North Korea will soon attempt another nuclear test.

It will involve an underground explosion.

Radiation will be detected.

Iran will participate, probably to the degree that it will be at least as much an Iranian as a North Korean test.

The United Nations will issue another harshly worded resolution about North Korea, in which China will probably join, and additional but equally ineffective sanctions will again be imposed on North Korea.

The United States will continue to negotiate with Iran and eventually acquiesce in up to twenty percent Uranium enrichment.

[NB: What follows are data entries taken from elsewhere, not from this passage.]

(* Let $(M,g)$ be a 2-dimensional asymptotically conic surface $M=M_0\cup M_\infty$, $M_\infty=[A,\infty)\times\partial M$ with metric $dr^2+f(r,\theta)^2d\theta^2$ ($f>0$ smooth) satisfying (C3), and assume $M$ has strictly negative Gaussian curvature on $M_0\cup([A,A+1]\times\partial M)$. Then there exist a function $a\in C^2([A,\infty))$ with $0\le a\le1$, $a'\le0$, $a\equiv1$ on $[A,A+\tfrac12]$, $a\equiv0$ on $(A+1,\infty)$, and a constant $c_1>0$ such that, setting $\tilde f(r,\theta)=(1-a(r))\sinh(c_1r)+a(r)f(r,\theta)$ and letting $\tilde M=M_0\cup([A,\infty)\times\partial M)$ carry the metric $\tilde g$ equal to $g$ on $M_0$ and to $dr^2+\tilde f(r,\theta)^2d\theta^2$ on $[A,\infty)\times\partial M$: (i) $\tilde M$ has strictly negative Gaussian curvature everywhere; (ii) along any geodesic of $\tilde M$ in the region where $a(r)\ne1$ (in particular $r>A+\tfrac12$) one has $\ddot r>0$; and (iii) if $\chi\in C^2_0(M)$ with $\chi\equiv1$ on $M_0$ and $\chi\equiv0$ on $\{r\ge A+\tfrac14\}$, then every geodesic of $\tilde M$ passing through $\operatorname{supp}\nabla\chi$ has $r\to\infty$ in at least one time direction (i.e. $\operatorname{supp}[\chi,\Delta_{\tilde g}]$ is nontrapping in $\tilde M$).
   Context: (C3): there is $C>0$ with $-\partial_r(f(r,\theta)^{-2})\ge\frac Cr f(r,\theta)^{-2}$ on $M_\infty$. For a metric $dr^2+h(r,\theta)^2d\theta^2$ the Gaussian curvature is $-\partial_{rr}h/h$. The geodesic flow on $M_\infty$ is assumed not to return into the compact part once it exits with $\dot r>0$ (consequence of (C3)). *)

theory Defs
  imports "HOL-Analysis.Analysis"
begin

text \<open>Coordinates on the end: a point of the end [A,oo) x dM is (k, r, theta) where
  k ranges over a finite type indexing the circle components of dM, r >= A, and theta is a
  real (2 pi - periodic) angle coordinate. A warped metric dr^2 + h(r,theta)^2 dtheta^2 on
  component k is represented by h :: real => real => real.\<close>

definition endH :: "real \<Rightarrow> (real \<times> real) set" where
  "endH A = {p. A \<le> fst p}"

Iran will “reluctantly” agree, claiming to do so because her people (particularly the little children) must no longer suffer from unjust sanctions.

Regardless of whether Iran abides by or violates the agreement, enrichment beyond that point will continue to be carried out for Iran in North Korea.

North Korea and Iran – partners in nuclear and missile programs.

DEBKAfileSpecial ReportFebruary 12, 2013, 1:42 PM (GMT+02:00)

DEBKAfile: North Korea N-bomb test sites attended by Iranians
DEBKAfile: North Korea N-bomb test sites attended by Iranians

There is full awareness in Washington and Jerusalem that the North Korean nuclear test conducted Tuesday, Feb. 12, brings Iran that much closer to conducting a test of its own. A completed bomb or warhead are not necessary for an underground nuclear test; a device which an aircraft or missile can carry is enough.

Mahmoud Ahmadinejad’s boast this week that Iran will soon place a satellite in orbit at an altitude of 36,000 kilometers – and Tehran’s claim on Feb. 4 to have sent a monkey into space – highlight Iran’s role in the division of labor Pyongyang and Tehran have achieved in years of collaboration: the former focusing on a nuclear armament and the latter on long-range missile…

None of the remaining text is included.